Unnamed: 0,Math SL AA,Math SL AI,Math HL
Biology,25,46,15
Chemistry,15,44,15
Physics,10,10,20


If $\chi_{calc}^2 > \chi_{critical}^2$ we reject the null hypothesis.

In [76]:
chi, pval, dof, exp = chi2_contingency(subjects)

significance = 0.05
p = 1 - significance
critical_value = chi2.ppf(p, dof)

print('chi=%.6f, critical value=%.6f\n' % (chi, critical_value))

if chi > critical_value:
	print("""At %.2f level of significance, we reject the null hypotheses and accept H1. 
They are not independent.""" % (significance))
else:
	print("""At %.2f level of significance, we accept the null hypotheses. 
They are independent.""" % (significance))

chi=20.392835, critical value=9.487729

At 0.05 level of significance, we reject the null hypotheses and accept H1. 
They are not independent.


Alternatively we can compare p-value and the level of siginificance.
If `p-value < the level of significance`, we reject the null hypotheses.

In [74]:
chi, pval, dof, exp = chi2_contingency(subjects)
significance = 0.05

print('p-value=%.6f, significance=%.2f\n' % (pval, significance))

if pval < significance:
	print("""At %.2f level of significance, we reject the null hypotheses and accept H1. 
They are not independent.""" % (significance))
else:
	print("""At %.2f level of significance, we accept the null hypotheses. 
They are independent.""" % (significance))

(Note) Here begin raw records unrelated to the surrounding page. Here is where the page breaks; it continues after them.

lemma twist_monom: "twist i (monom c k) = monom ((\<theta> ^^ i) c) k"
  by (simp add: map_poly_monom)

lemma twist_monom_mult: "twist i (monom c k * p) = monom ((\<theta> ^^ i) c) k * twist i p"
  by (rule poly_eqI) (simp add: coeff_monom_mult)

lemma twist_twist: "twist i (twist j p) = twist (i + j) p"
  by (simp add: map_poly_map_poly funpow_add)

lemma skew_mult_eq_sum: "skew_mult \<theta> f g = (\<Sum>i\<le>degree f. monom (coeff f i) i * twist i g)"
proof -
  have "(\<Sum>j\<le>degree g. monom (coeff f i * (\<theta> ^^ i) (coeff g j)) (i + j))
      = monom (coeff f i) i * twist i g" for i
  proof -
    have "(\<Sum>j\<le>degree g. monom (coeff f i * (\<theta> ^^ i) (coeff g j)) (i + j))
        = monom (coeff f i) i * (\<Sum>j\<le>degree (twist i g). monom (coeff (twist i g) j) j)"
      by (simp add: sum_distrib_left mult_monom)
    then show ?thesis by (simp only: poly_as_sum_of_monoms)
  qed
  then show ?thesis unfolding skew_mult_def by simp
qed

lemma skew_mult_eq_sum_le:
  assumes "degree f \<le> N"
  shows "skew_mult \<theta> f g = (\<Sum>i\<le>N. monom (coeff f i) i * twist i g)"
  unfolding skew_mult_eq_sum
  by (rule sum.mono_neutral_left) (use assms in \<open>auto simp: coeff_eq_0\<close>)

lemma skew_mult_0_left [simp]: "skew_mult \<theta> 0 g = 0"
  by (simp add: skew_mult_eq_sum)

lemma skew_mult_0_right [simp]: "skew_mult \<theta> f 0 = 0"
  by (simp add: skew_mult_eq_sum)

lemma skew_mult_add_left: "skew_mult \<theta> (f + f') g = skew_mult \<theta> f g + skew_mult \<theta> f' g"
proof -
  define N where "N = max (degree f) (degree f')"
  have "degree (f + f') \<le> N" unfolding N_def by (rule degree_add_le_max)
  then show ?thesis
    using skew_mult_eq_sum_le[of f N g] skew_mult_eq_sum_le[of f' N g]
      skew_mult_eq_sum_le[of "f + f'" N g]
    by (simp add: N_def add_monom[symmetric] distrib_right sum.distrib)
qed

lemma skew_mult_diff_left: "skew_mult \<theta> (f - f') g = skew_mult \<theta> f g - skew_mult \<theta> f' g"
proof -
  define N where "N = max (degree f) (degree f')"
  have "degree (f - f') \<le> N" unfolding N_def by (rule degree_diff_le_max)
  then show ?thesis
    using skew_mult_eq_sum_le[of f N g] skew_mult_eq_sum_le[of f' N g]
      skew_mult_eq_sum_le[of "f - f'" N g]
    by (simp add: N_def diff_monom[symmetric] left_diff_distrib sum_subtractf)
qed
(* Consider the following data. For $i=1,\dots,n_z$ and $j=1,\dots,n_u$ let $A_{c,ij}\in\mathbb{R}^{n_{ij}\times n_{ij}}$ and delays $\tau_{ij}\ge0$ be given, let $T_s>0$, and write $\tau_{ij}/T_s=m_{ij}-v_{ij}$ with $m_{ij}\in\mathbb{Z}_{\ge0}$ and $0\le v_{ij}<1$. Let $A_c=\mathrm{diag}(A_{c,11},A_{c,21},\dots,A_{c,n_zn_u})\in\mathbb{R}^{n_x\times n_x}$ and $V=\mathrm{diag}(v_{11}I_{n_{11}},v_{21}I_{n_{21}},\dots,v_{n_zn_u}I_{n_{n_zn_u}})$. Let $\bar m=\max_{ij}m_{ij}$, $n_{\tilde u}=(\bar m+1)n_u$, and let $B_{1c},B_{2c}\in\mathbb{R}^{n_x\times n_{\tilde u}}$, $C_c\in\mathbb{R}^{n_z\times n_x}$, $D_o\in\mathbb{R}^{n_z\times n_{\tilde u}}$ be the matrices of the delayed system (constructed as in the context). Let $Q_c\in\mathbb{R}^{n_z\times n_z}$ be symmetric positive semidefinite and $\mu>0$. Put $n_{xu}=n_x+n_{\tilde u}$, $I_{xu}$ the $n_{xu}\times n_{xu}$ identity, $I_h=\mathrm{diag}(I_{xu},I_{xu},I_{xu})$, $\bar B_{2c}=V(B_{2c}-B_{1c})$, $$H_{1c}=\begin{bmatrix}A_c&B_{1c}\\0&0\end{bmatrix},\ H_{2c}=\begin{bmatrix}VA_c&\bar B_{2c}\\0&0\end{bmatrix},\ H_{3c}=\begin{bmatrix}VA_c&0\\0&0\end{bmatrix},\ H_c=\mathrm{diag}(H_{1c},H_{2c},H_{3c}),$$ $H_{cq}=H_c-\tfrac{\mu}{2}I_h$, $H_{cm}=H_c-\mu I_h$, $E_1=[I_{xu},\,I_{xu},\,-I_{xu}]$, $E_2=[I_{xu};I_{xu};I_{xu}]$, $\bar M_c=-\begin{bmatrix}C_c&D_o\end{bmatrix}'Q_c$, $\bar Q_c=-\bar M_c\begin{bmatrix}C_c&D_o\end{bmatrix}$. Let $A(t),A_v(t),B_1(t),B_2(t),H_q(t),H_m(t),Q(t),M(t)$, $t\in[0,T_s]$, solve $$\dot A=A_cA,\ A(0)=I;\quad \dot A_v=VA_cA_v,\ A_v(0)=I;\quad \dot B_1=A(t)B_{1c},\ B_1(0)=0;\quad \dot B_2=A_v(t)\bar B_{2c},\ B_2(0)=0;$$ $$\dot H_q=H_{cq}H_q,\ H_q(0)=I_h;\quad \dot H_m=H_{cm}H_m,\ H_m(0)=I_h;$$ $$\dot Q=\Gamma_q(t)'\bar Q_c\Gamma_q(t),\ Q(0)=0;\quad \dot M=\Gamma_m(t)'\bar M_c,\ M(0)=0,$$ where $\Gamma_q(t)=E_1H_q(t)E_2$ and $\Gamma_m(t)=E_1H_m(t)E_2$. Then $A=A(T_s)$, $B_o=B_1(T_s)+B_2(T_s)$, $Q=Q(T_s)$, $M=M(T_s)$ are the discrete-time matrices of the discounted LQ optimal control problem with time delays, namely $$A=e^{A_cT_s},\qquad B_o=\int_0^{T_s}e^{A_ct}B_{1c}\,dt+V\int_0^{T_s}e^{VA_ct}(B_{2c}-B_{1c})\,dt,$$ $$Q=\int_0^{T_s}e^{-\mu s}\Gamma(s)'\bar Q_c\Gamma(s)\,ds,\qquad M=\int_0^{T_s}e^{-\mu s}\Gamma(s)'\bar M_c\,ds,$$ where $\Gamma(s)=\begin{bmatrix}e^{A_cs}&B_o(s)\\0&I\end{bmatrix}$ with $B_o(s)=\int_0^{s}e^{A_cr}B_{1c}\,dr+V\int_0^{s}e^{VA_cr}(B_{2c}-B_{1c})\,dr$.
   Context: Time-delay MIMO system: for $i=1,\dots,n_z$, $j=1,\dots,n_u$, the SISO subsystem from input $j$ to output $i$ is $\dot x_{ij}(t)=A_{c,ij}x_{ij}(t)+B_{c,ij}u_j(t-\tau_{ij})$, $z_{ij}(t)=C_{c,ij}x_{ij}(t)+D_{c,ij}u_j(t-\tau_{ij})$, with $B_{c,ij}\in\mathbb{R}^{n_{ij}\times1}$, $C_{c,ij}\in\mathbb{R}^{1\times n_{ij}}$, $D_{c,ij}\in\mathbb{R}$; the full state is $x=[x_{11};x_{21};\dots;x_{n_zn_u}]\in\mathbb{R}^{n_x}$, input $u=[u_1;\dots;u_{n_u}]$, output $z=[z_1;\dots;z_{n_z}]$ with $z_i=\sum_j z_{ij}$. Inputs are piecewise constant, $u(t)=u_k$ on $[t_k,t_{k+1})$, $t_k=t_0+kT_s$, and the augmented input is $\tilde u_k=[u_{k-\bar m};\dots;u_{k-1};u_k]\in\mathbb{R}^{(\bar m+1)n_u}$. Let $e_j\in\mathbb{R}^{1\times n_u}$ be the $j$-th unit row vector and $E^p_{\bar m+1}\in\mathbb{R}^{n_u\times(\bar m+1)n_u}$ the block row whose $p$-th block is $I_{n_u}$ and others zero ($p=1,\dots,\bar m+1$). Then $B_{1c}=[B_{1c,11};B_{1c,21};\dots;B_{1c,n_zn_u}]$ with $B_{1c,ij}=B_{c,ij}e_jE^{m_{ij}}_{\bar m+1}$, $B_{2c}=[B_{2c,11};\dots;B_{2c,n_zn_u}]$ with $B_{2c,ij}=B_{c,ij}e_jE^{m_{ij}+1}_{\bar m+1}$; $C_c=[\bar C_1,\dots,\bar C_{n_u}]$ with $\bar C_j=\mathrm{diag}(C_{c,1j},\dots,C_{c,n_zj})$; $D_o=[\bar D_1;\dots;\bar D_{n_z}]$ with $\bar D_i=\sum_{j}D_{c,ij}e_jE^{m_{ij}}_{\bar m+1}$. In the discrete-time equivalent, the augmented state $\tilde x_k=[x_k;\,u_{k-\bar m};\dots;u_{k-1}]$ evolves with blocks of $A$ and $B_o$, and the stage costs have the form $\tfrac12[\tilde x_k;u_k]'e^{-\mu t_k}Q[\tilde x_k;u_k]+(e^{-\mu t_k}M\bar z_k)'[\tilde x_k;u_k]+\rho_k$ for the discounted cost $\int \tfrac12 e^{-\mu t}(z-\bar z)'Q_c(z-\bar z)\,dt$. A prime denotes transpose. *)

theory Defs
  imports "HOL-Analysis.Analysis" "Jordan_Normal_Form.Matrix"
begin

p-value=0.000418, significance=0.05

At 0.05 level of significance, we reject the null hypotheses and accept H1. 
They are not independent.


# Conclusion

Once you know how to extract data from the CSV file, it is reasonably easy to find Chi-square, p-value, degree of freedom and critical value.